人生経験を積んでいくと、親しい人との関係性も少しずつ変化するのは当然のこと。良い関係を楽しめている姉妹が語る、つながりや今の距離感を保つ秘訣とは?
園部曉美・中園五月/そのべあけみ・ なかぞのさつき
ともに精進料理ユニット「iori」
曉美さん(写真左)と五月さん(写真右)の姉妹ユニットで、神奈川・東京を中心に料理教室やイベント活動を行う。2015年に出版したレシピ本『おばあちゃんの精進ごはん』(マイルスタッフ〈インプレス〉)が話題となり、テレビや雑誌、Web等でも活躍中。
7人兄弟姉妹の長女、次女として生まれ育った姉の曉美さんと妹の五月さん。「年が近いから、幼い頃は友達のようでもあり、ライバル心ももっていました」と語るのは妹の五月さん。
「社会人になり、お互いに家庭をもってからはしばらく疎遠に。そんな私たちの関係を再び結びつけたのが、精進料理でした」
子育てが終わった40代半ば、五月さんが「お姉ちゃんもやらない?」と曉美さんを誘ったのがきっかけで、殺生をしない料理の考えに曉美さんも共感。
60代で精進料理ユニット「iori」として活動を始めます。お互いが気持ちよく仕事をするうえで大事にしているのは「甘えないこと」と曉美さん。
「家族ならわかってくれるはずはトラブルの元。言うべきことは正直に、 丁寧に言葉にして伝えるようにしています」。相手に誤解を与えたり、不愉快にさせたりするのも言葉が足りないから。
「他人だったら心遣いができるのに、肉親だとそれができない。昔のことまで思い出してカチンときたりしてね」と五月さんは笑います。「ただ、 私たちの間ではルールはなし。
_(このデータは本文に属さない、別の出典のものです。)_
lemma matrix_diff_rdistrib:
  fixes A B C :: "'a::ring_1^'n^'n"
  shows "(B - C) ** A = B ** A - C ** A"
  by (simp add: vec_eq_iff matrix_matrix_mult_def sum_subtractf ring_distribs)

lemma rho_conj_le:
  fixes P Q k :: cmat and b :: real
  assumes QP: "Q ** P = mat 1"
    and P: "\<And>i j. norm (P$i$j) \<le> b" and Q: "\<And>i j. norm (Q$i$j) \<le> b"
  shows "rho (Q ** k ** P) \<le> 16 * b^2 * rho k"
proof -
  have "Q ** k ** P - mat 1 = Q ** (k - mat 1) ** P"
    by (simp add: matrix_diff_ldistrib matrix_diff_rdistrib QP matrix_mul_assoc)
  moreover have "Q ** k ** P + mat 1 = Q ** (k + mat 1) ** P"
    by (simp add: matrix_add_ldistrib matrix_add_rdistrib QP matrix_mul_assoc)
  ultimately have "norm (Q ** k ** P - mat 1) \<le> 16 * b^2 * norm (k - mat 1)"
                  "norm (Q ** k ** P + mat 1) \<le> 16 * b^2 * norm (k + mat 1)"
    using norm_matrix_conj_le[OF Q P] by auto
  then show ?thesis unfolding rho_def min_def by auto
qed

lemma det_conj:
  fixes P Q k :: "'a::comm_ring_1^'n^'n"
  assumes "Q ** P = mat 1"
  shows "det (Q ** k ** P) = det k"
proof -
  have "det Q * det P = 1" using arg_cong[OF assms, of det] by (simp add: det_mul)
  then show ?thesis by (simp add: det_mul) (metis mult.commute mult.left_commute mult_1_right)
qed

lemma psl_metric_le_of_rho_le:
  assumes "psl_left_inv_metric d" and "0 \<le> C"
  shows "\<exists>L\<ge>1. \<exists>\<epsilon>0>0. \<forall>k\<in>SL2. \<forall>u\<in>SL2. rho u \<le> C * rho k \<and> d (mat 1) k < \<epsilon>0 \<longrightarrow>
           d (mat 1) u \<le> L * d (mat 1) k"
proof -
  from assms(1) obtain c \<delta> where c: "c > 0" and \<delta>: "\<delta> > 0"
    and cmp: "\<And>A. A \<in> SL2 \<Longrightarrow> min (rho A) (d (mat 1) A) < \<delta> \<Longrightarrow>
                  c * rho A \<le> d (mat 1) A \<and> d (mat 1) A \<le> rho A / c"
    and nonneg: "\<And>A B. A \<in> SL2 \<Longrightarrow> B \<in> SL2 \<Longrightarrow> d A B \<ge> 0"
    unfolding psl_left_inv_metric_def by metis
  define C' where "C' = max 1 C"
  define L where "L = max 1 (C / c^2)"
  define \<epsilon>0 where "\<epsilon>0 = min \<delta> (\<delta> * c / C')"
  have C': "C \<le> C'" "1 \<le> C'" unfolding C'_def by auto
  have "d (mat 1) u \<le> L * d (mat 1) k"
    if k: "k \<in> SL2" and u: "u \<in> SL2" and conj: "rho u \<le> C * rho k"
      and dk: "d (mat 1) k < \<epsilon>0" for k u
  proof -
    have dk0: "0 \<le> d (mat 1) k" using nonneg k by (simp add: SL2_def)
    have "c * rho k \<le> d (mat 1) k"
      using cmp[OF k] dk unfolding \<epsilon>0_def by linarith
    then have rk: "rho k \<le> d (mat 1) k / c" using c by (simp add: field_simps)
    have ru: "rho u \<le> C * (d (mat 1) k / c)"
      using conj mult_left_mono[OF rk assms(2)] by linarith
    also have "\<dots> \<le> C' * (d (mat 1) k / c)"
      using C' dk0 c by (intro mult_right_mono) auto
    also have "\<dots> < C' * (\<epsilon>0 / c)"
      using dk c C' by (simp add: divide_strict_right_mono)
    also have "\<dots> \<le> C' * (\<delta> * c / C' / c)"
      using c C' unfolding \<epsilon>0_def by (intro mult_left_mono divide_right_mono) auto
    also have "\<dots> = \<delta>" using c C' by simp
    finally have "d (mat 1) u \<le> rho u / c" using cmp[OF u] by simp
    also have "\<dots> \<le> C * (d (mat 1) k / c) / c" using ru c by (intro divide_right_mono) auto
    also have "\<dots> = (C / c^2) * d (mat 1) k" by (simp add: power2_eq_square)
    also have "\<dots> \<le> L * d (mat 1) k" unfolding L_def using dk0 by (intro mult_right_mono) auto
    finally show ?thesis .
  qed
  moreover have "\<epsilon>0 > 0" unfolding \<epsilon>0_def using \<delta> c C' by simp
  ultimately show ?thesis unfolding L_def by (meson max.cobounded1)
qed

lemma mat_one_in_Uball:
  assumes "psl_left_inv_metric d" and "0 < r"
  shows "mat 1 \<in> Uball d r"
proof -
  have I: "mat 1 \<in> SL2" by (simp add: SL2_def)
  with assms(1) have "d (mat 1) (mat 1) = 0"
    unfolding psl_left_inv_metric_def psl_eq_def by blast
  with I assms(2) show ?thesis by (simp add: Uball_def)
qed

lemma mat2_mult:
  "mat2 a b c d ** mat2 a' b' c' d' =
   mat2 (a*a' + b*c') (a*b' + b*d') (c*a' + d*c') (c*b' + d*d')"
  by (simp add: vec_eq_iff forall_2 matrix_matrix_mult_def mat2_def sum_2)

lemma mat_one_eq_mat2: "(mat 1 :: cmat) = mat2 1 0 0 1"
  by (simp add: vec_eq_iff forall_2 mat_def mat2_def)

lemma norm_mat2_entry_le:
  "norm a \<le> r \<Longrightarrow> norm b \<le> r \<Longrightarrow> norm c \<le> r \<Longrightarrow> norm e \<le> r \<Longrightarrow>
   norm ((mat2 a b c e)$i$j) \<le> r"
  using exhaust_2[of i] exhaust_2[of j] by (auto simp: mat2_def)

lemma m_th_inverse: "m_th (-\<theta>) ** m_th \<theta> = mat 1" "m_th \<theta> ** m_th (-\<theta>) = mat 1"
  by (simp_all add: m_th_def mat2_mult mat_one_eq_mat2 cis_mult)

lemma n_z_inverse: "n_z (-z) ** n_z z = mat 1" "n_z z ** n_z (-z) = mat 1"
  by (simp_all add: n_z_def mat2_mult mat_one_eq_mat2)

lemma m_th_a_t_commute: "m_th \<theta> ** a_t t = a_t t ** m_th \<theta>"
  by (simp add: m_th_def a_t_def mat2_mult mult.commute)

lemma a_t_mult_eq_conj:
  "a_t t ** k ** m_th \<theta> ** n_z z =
   m_th \<theta> ** a_t t ** n_z z ** (n_z (-z) ** m_th (-\<theta>) ** k ** (m_th \<theta> ** n_z z))"
proof -
  have n: "X ** n_z z ** n_z (-z) = X" for X
    by (simp add: matrix_mul_assoc[symmetric] n_z_inverse)
  have m: "X ** m_th \<theta> ** m_th (-\<theta>) = X" for X
    by (simp add: matrix_mul_assoc[symmetric] m_th_inverse)
  show ?thesis by (simp add: matrix_mul_assoc m_th_a_t_commute n m)
qed

lemma norm_m_th_n_z_entries_le:
  assumes "norm z \<le> B" and "0 \<le> B"
  shows "norm ((m_th \<theta> ** n_z z)$i$j) \<le> 1 + B"
    and "norm ((n_z (-z) ** m_th (-\<theta>))$i$j) \<le> 1 + B"
  using assms by (auto simp: m_th_def n_z_def mat2_mult norm_mult intro!: norm_mat2_entry_le)

lemma m_th_n_z_conj:
  fixes \<theta> :: real
  assumes "norm z \<le> B" and "0 \<le> B" and "k \<in> SL2"
  defines "u \<equiv> n_z (-z) ** m_th (-\<theta>) ** k ** (m_th \<theta> ** n_z z)"
  shows "u \<in> SL2" and "rho u \<le> 16 * (1 + B)^2 * rho k"
proof -
  have inverse: "n_z (-z) ** m_th (-\<theta>) ** (m_th \<theta> ** n_z z) = mat 1"
    by (simp add: matrix_mul_assoc[symmetric]) (simp add: matrix_mul_assoc m_th_inverse n_z_inverse)
  show "u \<in> SL2" using assms(3) det_conj[OF inverse] by (simp add: u_def SL2_def)
  show "rho u \<le> 16 * (1 + B)^2 * rho k"
    unfolding u_def using norm_m_th_n_z_entries_le[OF assms(1,2)]
    by (intro rho_conj_le[OF inverse]) auto
qed

lemma mat_one_in_Hgrp: "mat 1 \<in> Hgrp"
  by (simp add: Hgrp_def SL2_def mob_def mat_def det_I[unfolded mat_def])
今度はそのルールを守っているか気になっちゃうから」と曉美さん。
「距離が近い家族だからこそ、つきあい方が難しい面もある」と正直な気持ちを語ってくれた五月さんですが、多くの人に精進料理の魅力を伝えたいというのが共通の想い。
「目的が同じだから、違うところや気になる部分があっても認め合える」というお二人。